Task inputs:

(* For $\epsilon\in[0,1)$ define sequences $\{p_j(\epsilon)\}_{j\in\mathbb N}$ and $\{p'_j(\epsilon)\}_{j\in\mathbb N}$ by $p_1(\epsilon)=2+\epsilon$, $p'_1(\epsilon)=1+\epsilon$, $p_{j+1}(\epsilon)=2+\epsilon-1/p_j(\epsilon)$, $p'_{j+1}(\epsilon)=2+\epsilon-1/p'_j(\epsilon)$, and let $p_+(\epsilon)=1+\epsilon/2+\sqrt{\epsilon+\epsilon^2/4}$. For $l\in\mathbb N$ let $M(l)$ be the $l\times l$ matrix with entries $2\delta_{i_1i_2}-1_{\{|i_1-i_2|=1\}}$ and $I_l$ the identity. Then: 1. $1\le p'_j(\epsilon)\le p_+(\epsilon)<p_j(\epsilon)\le1+1/j+j\epsilon$ for all $j\in\mathbb N$; $\{p_j(\epsilon)\}_j$ is monotone decreasing and $\{p'_j(\epsilon)\}_j$ is monotone nondecreasing. 2. For every $l\in\mathbb N$, the sequence $\{((\epsilon I_l+M(l))^{-1})_{kk}\}_{k=1}^{[l/2]}$ is monotone increasing. 3. For $j\ge2$, $p_j(\epsilon)-p_+(\epsilon)\le(1+\sqrt\epsilon)^{-(j-2)}$ and $p_+(\epsilon)-p'_j(\epsilon)\le\sqrt\epsilon(1+\sqrt\epsilon)^{-(j-2)}$. 4. For every $k\ge2$, $\prod_{j=1}^kp'_j(\epsilon)=(p_k(\epsilon)-1)\prod_{j=1}^{k-1}p_j(\epsilon)$. *)

theory Defs
  imports Complex_Main "Jordan_Normal_Form.Gauss_Jordan_Elimination"
begin

text \<open>The sequences p_j and p'_j, indexed from j = 1 as in the paper
  (the value at index 0 is an unused dummy).\<close>
fun pseq :: "real \<Rightarrow> nat \<Rightarrow> real" where
  "pseq e 0 = 0"
| "pseq e (Suc 0) = 2 + e"
| "pseq e (Suc (Suc n)) = 2 + e - 1 / pseq e (Suc n)"

fun pseq' :: "real \<Rightarrow> nat \<Rightarrow> real" where
  "pseq' e 0 = 0"
| "pseq' e (Suc 0) = 1 + e"
| "pseq' e (Suc (Suc n)) = 2 + e - 1 / pseq' e (Suc n)"

definition pplus :: "real \<Rightarrow> real" where
  "pplus e = 1 + e / 2 + sqrt (e + e^2 / 4)"

text \<open>M(l): l x l matrix with entries 2 delta_{ij} - 1_{|i-j|=1}
  (JNF matrices are 0-indexed).\<close>
definition Mmat :: "nat \<Rightarrow> real mat" where
  "Mmat l = mat l l (\<lambda>(i, j). (if i = j then 2 else 0) - (if i = j + 1 \<or> j = i + 1 then 1 else 0))"

definition Ginv :: "real \<Rightarrow> nat \<Rightarrow> real mat" where
  "Ginv e l = the (mat_inverse (e \<cdot>\<^sub>m 1\<^sub>m l + Mmat l))"

end

theory Submission
  imports Defs "Jordan_Normal_Form.Determinant"
begin

text \<open>Both sequences are orbits of the map \<open>f(x) = 2 + e - 1/x\<close>, which is increasing for
  \<open>x > 0\<close> and fixes \<open>p\<^sub>+\<close>, the larger root of \<open>x\<^sup>2 - (2 + e) x + 1\<close>. Monotonicity of the
  map gives all order relations. Since \<open>f(x) - p\<^sub>+ = (x - p\<^sub>+) / (x p\<^sub>+)\<close> and
  \<open>x p\<^sub>+ \<ge> 1 + \<surd>e\<close> for \<open>x \<ge> 1\<close>, the map contracts towards \<open>p\<^sub>+\<close>, which gives the rates.

  With \<open>U\<^sub>0 = 0, U\<^sub>1 = 1, U\<^sub>n\<^sub>+\<^sub>2 = (2 + e) U\<^sub>n\<^sub>+\<^sub>1 - U\<^sub>n\<close> one has \<open>p\<^sub>j = U\<^sub>j\<^sub>+\<^sub>1 / U\<^sub>j\<close> and
  \<open>p'\<^sub>j = (U\<^sub>j\<^sub>+\<^sub>1 - U\<^sub>j) / (U\<^sub>j - U\<^sub>j\<^sub>-\<^sub>1)\<close>, so both products telescope. The inverse of
  \<open>e I + M(l)\<close> has entries \<open>U\<^bsub>min(i,j)+1\<^esub> U\<^bsub>l-max(i,j)\<^esub> / U\<^sub>l\<^sub>+\<^sub>1\<close>, so by a Cassini-type
  identity consecutive diagonal entries differ by \<open>U\<^bsub>l-2k\<^esub> / U\<^sub>l\<^sub>+\<^sub>1 > 0\<close>.\<close>

section \<open>Chebyshev polynomials of the second kind\<close>

text \<open>\<open>chebU a n = U\<^sub>n\<^sub>-\<^sub>1(a/2)\<close>.\<close>

fun chebU :: "real \<Rightarrow> nat \<Rightarrow> real" where
  "chebU a 0 = 0"
| "chebU a (Suc 0) = 1"
| "chebU a (Suc (Suc n)) = a * chebU a (Suc n) - chebU a n"

lemma chebU_increments:
  assumes "2 \<le> a"
  shows chebU_Suc_minus_ge_1: "1 \<le> chebU a (Suc n) - chebU a n"
    and chebU_ge_index: "real n \<le> chebU a n"
proof -
  have "1 \<le> chebU a (Suc n) - chebU a n \<and> real n \<le> chebU a n"
  proof (induction n)
    case 0
    then show ?case by simp
  next
    case (Suc n)
    have "chebU a (Suc (Suc n)) - chebU a (Suc n)
        = (a - 2) * chebU a (Suc n) + (chebU a (Suc n) - chebU a n)"
      by (simp add: algebra_simps)
    moreover have "0 \<le> (a - 2) * chebU a (Suc n)"
      using assms Suc by simp
    ultimately show ?case
      using Suc by simp
  qed
  then show "1 \<le> chebU a (Suc n) - chebU a n" "real n \<le> chebU a n"
    by auto
qed

lemma chebU_pos: "2 \<le> a \<Longrightarrow> 0 < n \<Longrightarrow> 0 < chebU a n"
  using chebU_ge_index[of a n] by linarith

lemma chebU_add: "chebU a (m + n + 1) = chebU a (m + 1) * chebU a (n + 1) - chebU a m * chebU a n"
proof (induction m arbitrary: n)
  case 0
  then show ?case by simp
next
  case (Suc m)
  have "chebU a (Suc m + n + 1) = chebU a (m + (n + 1) + 1)"
    by simp
  also have "\<dots> = chebU a (m + 1) * chebU a (n + 2) - chebU a m * chebU a (n + 1)"
    using Suc[of "n + 1"] by simp
  also have "\<dots> = chebU a (m + 2) * chebU a (n + 1) - chebU a (m + 1) * chebU a n"
    by (simp add: algebra_simps)
  finally show ?case
    by simp
qed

Action item: From the material above, copy exactly the lines between the line holding "theory Defs" and the line holding "e (Suc 0) = 1", inclusive, and only those.

Output of the exercise:
theory Defs
  imports Complex_Main "Jordan_Normal_Form.Gauss_Jordan_Elimination"
begin

text \<open>The sequences p_j and p'_j, indexed from j = 1 as in the paper
  (the value at index 0 is an unused dummy).\<close>
fun pseq :: "real \<Rightarrow> nat \<Rightarrow> real" where
  "pseq e 0 = 0"
| "pseq e (Suc 0) = 2 + e"
| "pseq e (Suc (Suc n)) = 2 + e - 1 / pseq e (Suc n)"

fun pseq' :: "real \<Rightarrow> nat \<Rightarrow> real" where
  "pseq' e 0 = 0"
| "pseq' e (Suc 0) = 1 + e"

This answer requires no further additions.